__Task__
From the entries below, extract every line that includes the word "shows".

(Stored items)
# # # # #
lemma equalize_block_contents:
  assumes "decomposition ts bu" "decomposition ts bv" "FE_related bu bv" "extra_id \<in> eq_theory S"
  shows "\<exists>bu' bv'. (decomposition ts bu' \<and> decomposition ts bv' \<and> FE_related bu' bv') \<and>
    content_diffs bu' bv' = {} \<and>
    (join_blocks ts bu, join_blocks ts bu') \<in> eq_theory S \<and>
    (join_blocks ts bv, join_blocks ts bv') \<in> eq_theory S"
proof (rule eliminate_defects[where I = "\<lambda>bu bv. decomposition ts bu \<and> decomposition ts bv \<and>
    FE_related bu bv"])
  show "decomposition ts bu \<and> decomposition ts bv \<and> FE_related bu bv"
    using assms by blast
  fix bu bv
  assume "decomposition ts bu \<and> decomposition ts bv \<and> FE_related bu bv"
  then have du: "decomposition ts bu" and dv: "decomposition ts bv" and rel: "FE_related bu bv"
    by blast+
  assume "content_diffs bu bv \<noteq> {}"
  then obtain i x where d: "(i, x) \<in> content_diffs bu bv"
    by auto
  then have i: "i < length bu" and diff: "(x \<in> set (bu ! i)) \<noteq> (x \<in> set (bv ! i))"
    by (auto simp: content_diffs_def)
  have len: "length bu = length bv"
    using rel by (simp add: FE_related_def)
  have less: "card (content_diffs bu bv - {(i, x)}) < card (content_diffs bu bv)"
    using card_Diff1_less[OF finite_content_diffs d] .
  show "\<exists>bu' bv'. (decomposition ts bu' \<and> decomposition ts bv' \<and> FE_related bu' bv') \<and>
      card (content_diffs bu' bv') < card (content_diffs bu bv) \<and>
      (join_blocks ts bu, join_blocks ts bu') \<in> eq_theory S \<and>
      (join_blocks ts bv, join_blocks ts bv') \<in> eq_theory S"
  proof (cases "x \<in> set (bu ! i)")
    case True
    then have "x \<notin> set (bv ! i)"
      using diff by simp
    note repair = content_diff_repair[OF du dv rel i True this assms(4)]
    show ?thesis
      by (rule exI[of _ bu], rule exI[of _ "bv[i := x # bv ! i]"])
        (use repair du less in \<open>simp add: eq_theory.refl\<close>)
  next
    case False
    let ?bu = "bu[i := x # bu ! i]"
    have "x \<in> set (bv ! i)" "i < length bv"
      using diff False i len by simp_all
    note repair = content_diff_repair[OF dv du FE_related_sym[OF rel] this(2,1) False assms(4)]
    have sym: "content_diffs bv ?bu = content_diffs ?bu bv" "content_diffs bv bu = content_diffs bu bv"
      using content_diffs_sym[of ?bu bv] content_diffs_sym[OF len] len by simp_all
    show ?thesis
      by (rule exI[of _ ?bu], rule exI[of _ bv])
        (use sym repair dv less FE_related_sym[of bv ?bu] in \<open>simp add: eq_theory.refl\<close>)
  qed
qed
# # # # #
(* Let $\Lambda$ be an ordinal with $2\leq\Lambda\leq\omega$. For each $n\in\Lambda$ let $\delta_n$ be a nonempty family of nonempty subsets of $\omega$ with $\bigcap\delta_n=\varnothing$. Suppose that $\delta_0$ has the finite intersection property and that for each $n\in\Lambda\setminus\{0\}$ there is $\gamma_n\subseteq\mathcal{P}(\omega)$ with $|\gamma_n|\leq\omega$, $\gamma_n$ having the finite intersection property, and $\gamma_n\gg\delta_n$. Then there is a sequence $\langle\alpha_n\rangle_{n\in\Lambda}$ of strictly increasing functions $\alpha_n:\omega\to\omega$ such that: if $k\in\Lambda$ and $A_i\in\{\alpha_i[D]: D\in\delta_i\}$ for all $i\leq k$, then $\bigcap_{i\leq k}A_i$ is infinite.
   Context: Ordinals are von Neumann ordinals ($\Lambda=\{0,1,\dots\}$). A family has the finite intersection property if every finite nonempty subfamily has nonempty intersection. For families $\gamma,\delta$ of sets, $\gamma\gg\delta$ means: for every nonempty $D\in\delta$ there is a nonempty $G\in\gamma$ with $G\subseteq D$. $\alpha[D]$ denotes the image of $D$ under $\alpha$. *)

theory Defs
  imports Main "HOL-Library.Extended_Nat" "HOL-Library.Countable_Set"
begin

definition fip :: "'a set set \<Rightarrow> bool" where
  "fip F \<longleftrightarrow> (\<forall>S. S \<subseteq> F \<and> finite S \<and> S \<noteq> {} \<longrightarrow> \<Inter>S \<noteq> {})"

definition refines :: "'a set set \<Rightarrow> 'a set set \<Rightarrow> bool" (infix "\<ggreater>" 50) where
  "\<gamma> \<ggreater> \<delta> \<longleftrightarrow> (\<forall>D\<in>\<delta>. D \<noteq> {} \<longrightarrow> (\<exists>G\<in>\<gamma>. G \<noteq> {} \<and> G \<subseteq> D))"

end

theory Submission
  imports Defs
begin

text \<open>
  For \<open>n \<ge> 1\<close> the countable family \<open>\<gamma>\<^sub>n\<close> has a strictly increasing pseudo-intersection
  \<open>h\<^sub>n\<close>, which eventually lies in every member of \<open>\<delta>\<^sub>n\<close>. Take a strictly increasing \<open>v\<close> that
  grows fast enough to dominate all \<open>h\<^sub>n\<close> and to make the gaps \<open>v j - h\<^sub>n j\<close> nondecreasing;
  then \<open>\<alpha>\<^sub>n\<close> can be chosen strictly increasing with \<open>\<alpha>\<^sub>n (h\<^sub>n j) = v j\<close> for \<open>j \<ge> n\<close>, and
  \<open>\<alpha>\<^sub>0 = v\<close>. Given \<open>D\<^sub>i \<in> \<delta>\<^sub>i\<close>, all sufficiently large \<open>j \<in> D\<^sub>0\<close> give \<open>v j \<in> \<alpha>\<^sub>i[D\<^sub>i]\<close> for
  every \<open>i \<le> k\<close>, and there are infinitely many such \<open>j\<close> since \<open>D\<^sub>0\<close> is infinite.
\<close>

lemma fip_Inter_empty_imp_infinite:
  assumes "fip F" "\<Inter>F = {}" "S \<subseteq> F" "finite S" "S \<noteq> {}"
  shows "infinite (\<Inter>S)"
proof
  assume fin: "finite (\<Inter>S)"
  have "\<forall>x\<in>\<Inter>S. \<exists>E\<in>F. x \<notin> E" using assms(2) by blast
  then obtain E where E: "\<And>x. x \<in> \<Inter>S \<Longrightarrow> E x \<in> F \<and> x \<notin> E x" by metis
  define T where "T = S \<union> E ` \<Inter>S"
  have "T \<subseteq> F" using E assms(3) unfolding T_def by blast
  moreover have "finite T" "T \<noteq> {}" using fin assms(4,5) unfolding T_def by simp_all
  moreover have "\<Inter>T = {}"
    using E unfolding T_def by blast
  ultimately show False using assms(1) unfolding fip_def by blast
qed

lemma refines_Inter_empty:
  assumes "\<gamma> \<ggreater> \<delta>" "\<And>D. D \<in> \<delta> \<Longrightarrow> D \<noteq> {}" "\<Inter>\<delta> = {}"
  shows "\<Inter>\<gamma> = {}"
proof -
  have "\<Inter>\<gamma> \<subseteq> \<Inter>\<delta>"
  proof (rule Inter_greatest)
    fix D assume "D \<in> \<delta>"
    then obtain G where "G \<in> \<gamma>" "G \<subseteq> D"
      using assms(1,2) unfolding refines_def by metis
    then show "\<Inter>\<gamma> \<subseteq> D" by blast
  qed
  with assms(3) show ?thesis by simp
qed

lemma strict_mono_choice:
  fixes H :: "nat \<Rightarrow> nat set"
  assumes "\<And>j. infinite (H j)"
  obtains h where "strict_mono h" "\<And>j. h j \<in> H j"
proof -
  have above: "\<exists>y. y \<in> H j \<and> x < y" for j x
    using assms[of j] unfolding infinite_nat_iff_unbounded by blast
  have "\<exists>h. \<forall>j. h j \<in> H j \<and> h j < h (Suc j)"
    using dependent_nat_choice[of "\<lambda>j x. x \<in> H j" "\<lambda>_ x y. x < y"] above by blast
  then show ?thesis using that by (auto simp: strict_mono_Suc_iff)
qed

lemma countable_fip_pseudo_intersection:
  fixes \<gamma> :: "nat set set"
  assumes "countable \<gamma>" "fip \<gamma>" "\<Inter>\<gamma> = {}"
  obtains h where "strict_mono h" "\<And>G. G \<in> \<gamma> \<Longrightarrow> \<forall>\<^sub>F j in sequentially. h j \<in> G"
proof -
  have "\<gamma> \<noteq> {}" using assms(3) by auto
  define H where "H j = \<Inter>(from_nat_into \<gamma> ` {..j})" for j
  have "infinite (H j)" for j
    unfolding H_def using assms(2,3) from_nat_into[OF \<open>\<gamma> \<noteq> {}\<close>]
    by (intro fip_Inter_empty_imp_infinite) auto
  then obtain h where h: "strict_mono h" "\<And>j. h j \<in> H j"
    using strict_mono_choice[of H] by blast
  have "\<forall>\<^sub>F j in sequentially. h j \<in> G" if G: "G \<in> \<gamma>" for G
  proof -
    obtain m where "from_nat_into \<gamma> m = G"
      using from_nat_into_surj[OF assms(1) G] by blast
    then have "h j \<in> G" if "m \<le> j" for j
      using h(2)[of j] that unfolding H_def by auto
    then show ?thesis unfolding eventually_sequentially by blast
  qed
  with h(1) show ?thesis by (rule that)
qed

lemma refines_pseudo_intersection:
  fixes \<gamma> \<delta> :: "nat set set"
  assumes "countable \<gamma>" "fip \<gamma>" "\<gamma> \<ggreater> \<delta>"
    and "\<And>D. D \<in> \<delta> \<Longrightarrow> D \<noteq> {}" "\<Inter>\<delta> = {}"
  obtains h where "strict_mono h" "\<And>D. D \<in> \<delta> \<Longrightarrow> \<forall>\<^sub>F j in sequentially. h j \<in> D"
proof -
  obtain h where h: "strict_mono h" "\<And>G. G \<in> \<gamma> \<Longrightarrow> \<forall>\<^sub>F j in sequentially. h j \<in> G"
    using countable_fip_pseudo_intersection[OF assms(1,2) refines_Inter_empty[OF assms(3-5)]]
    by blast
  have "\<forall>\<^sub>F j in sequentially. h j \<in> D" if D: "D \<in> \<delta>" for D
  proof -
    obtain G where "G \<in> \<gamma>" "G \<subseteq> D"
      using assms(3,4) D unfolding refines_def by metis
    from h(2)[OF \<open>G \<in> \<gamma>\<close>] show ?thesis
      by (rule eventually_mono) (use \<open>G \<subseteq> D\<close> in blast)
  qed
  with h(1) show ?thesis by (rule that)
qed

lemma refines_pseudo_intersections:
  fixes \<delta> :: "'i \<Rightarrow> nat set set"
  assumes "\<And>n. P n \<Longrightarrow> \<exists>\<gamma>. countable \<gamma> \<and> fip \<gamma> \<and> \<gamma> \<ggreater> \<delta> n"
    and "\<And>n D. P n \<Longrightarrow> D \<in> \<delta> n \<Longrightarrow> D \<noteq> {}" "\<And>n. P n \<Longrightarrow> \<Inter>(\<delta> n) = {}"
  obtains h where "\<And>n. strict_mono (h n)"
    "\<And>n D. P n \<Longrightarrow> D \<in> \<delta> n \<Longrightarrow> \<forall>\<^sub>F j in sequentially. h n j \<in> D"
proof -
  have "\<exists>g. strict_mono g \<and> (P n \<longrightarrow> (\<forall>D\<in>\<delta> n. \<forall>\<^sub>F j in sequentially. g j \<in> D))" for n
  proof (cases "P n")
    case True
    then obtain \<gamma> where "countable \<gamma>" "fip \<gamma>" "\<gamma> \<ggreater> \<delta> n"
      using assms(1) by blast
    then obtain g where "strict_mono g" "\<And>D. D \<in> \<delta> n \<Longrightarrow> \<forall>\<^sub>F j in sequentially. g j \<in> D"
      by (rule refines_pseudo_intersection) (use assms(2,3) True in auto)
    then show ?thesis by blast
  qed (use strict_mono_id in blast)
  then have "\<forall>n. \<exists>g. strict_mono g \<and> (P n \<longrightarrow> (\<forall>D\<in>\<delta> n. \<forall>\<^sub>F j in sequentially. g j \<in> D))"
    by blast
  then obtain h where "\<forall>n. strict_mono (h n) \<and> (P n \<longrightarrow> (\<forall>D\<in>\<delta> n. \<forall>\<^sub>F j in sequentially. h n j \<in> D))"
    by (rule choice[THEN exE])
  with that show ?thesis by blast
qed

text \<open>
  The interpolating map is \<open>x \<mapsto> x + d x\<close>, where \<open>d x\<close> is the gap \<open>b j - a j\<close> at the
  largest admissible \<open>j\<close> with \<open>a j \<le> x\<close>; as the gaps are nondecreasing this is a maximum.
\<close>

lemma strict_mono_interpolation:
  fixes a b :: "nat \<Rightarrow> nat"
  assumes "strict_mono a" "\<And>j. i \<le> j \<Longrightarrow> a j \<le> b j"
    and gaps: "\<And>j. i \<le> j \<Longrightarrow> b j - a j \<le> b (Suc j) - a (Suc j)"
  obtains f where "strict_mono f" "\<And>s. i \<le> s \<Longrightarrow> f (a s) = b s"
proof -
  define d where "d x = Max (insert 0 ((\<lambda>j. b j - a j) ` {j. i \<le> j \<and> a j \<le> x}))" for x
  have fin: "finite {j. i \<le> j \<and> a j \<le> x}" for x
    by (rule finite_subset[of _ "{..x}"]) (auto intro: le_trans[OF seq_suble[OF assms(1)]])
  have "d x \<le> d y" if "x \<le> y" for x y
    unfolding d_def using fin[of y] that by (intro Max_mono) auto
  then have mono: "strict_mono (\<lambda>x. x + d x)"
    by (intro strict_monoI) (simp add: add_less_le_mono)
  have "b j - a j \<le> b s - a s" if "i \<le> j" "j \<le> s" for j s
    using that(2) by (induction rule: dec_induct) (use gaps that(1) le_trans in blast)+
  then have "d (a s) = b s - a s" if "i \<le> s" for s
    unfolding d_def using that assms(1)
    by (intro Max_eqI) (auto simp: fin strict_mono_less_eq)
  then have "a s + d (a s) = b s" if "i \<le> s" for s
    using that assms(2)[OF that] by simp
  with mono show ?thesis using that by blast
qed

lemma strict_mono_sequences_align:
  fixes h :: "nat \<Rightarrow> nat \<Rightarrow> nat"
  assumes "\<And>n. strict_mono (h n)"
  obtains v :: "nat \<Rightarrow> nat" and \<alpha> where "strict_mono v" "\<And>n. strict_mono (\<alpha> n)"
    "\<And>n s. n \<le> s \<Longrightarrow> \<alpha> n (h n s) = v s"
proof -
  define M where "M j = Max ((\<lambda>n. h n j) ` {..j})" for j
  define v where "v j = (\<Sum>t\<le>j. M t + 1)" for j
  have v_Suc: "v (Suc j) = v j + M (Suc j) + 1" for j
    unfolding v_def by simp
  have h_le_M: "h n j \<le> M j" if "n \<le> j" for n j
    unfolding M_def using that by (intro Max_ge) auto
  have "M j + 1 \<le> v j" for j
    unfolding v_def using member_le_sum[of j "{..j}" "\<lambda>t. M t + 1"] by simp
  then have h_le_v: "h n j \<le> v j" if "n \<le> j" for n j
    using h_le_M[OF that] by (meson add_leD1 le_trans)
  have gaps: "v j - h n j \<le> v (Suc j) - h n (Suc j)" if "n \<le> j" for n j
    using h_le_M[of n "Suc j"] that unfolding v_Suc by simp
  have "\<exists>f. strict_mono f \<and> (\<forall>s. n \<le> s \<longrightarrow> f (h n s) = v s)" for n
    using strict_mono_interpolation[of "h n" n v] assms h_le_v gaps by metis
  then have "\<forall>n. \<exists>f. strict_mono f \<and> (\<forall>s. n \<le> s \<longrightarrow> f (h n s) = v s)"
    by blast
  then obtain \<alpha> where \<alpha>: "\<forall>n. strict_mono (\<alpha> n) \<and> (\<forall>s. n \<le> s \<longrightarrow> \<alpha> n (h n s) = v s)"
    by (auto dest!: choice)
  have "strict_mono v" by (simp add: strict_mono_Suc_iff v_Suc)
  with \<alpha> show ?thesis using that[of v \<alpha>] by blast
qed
# # # # #
__Written answer__
  shows "\<exists>bu' bv'. (decomposition ts bu' \<and> decomposition ts bv' \<and> FE_related bu' bv') \<and>
  shows "infinite (\<Inter>S)"
  shows "\<Inter>\<gamma> = {}"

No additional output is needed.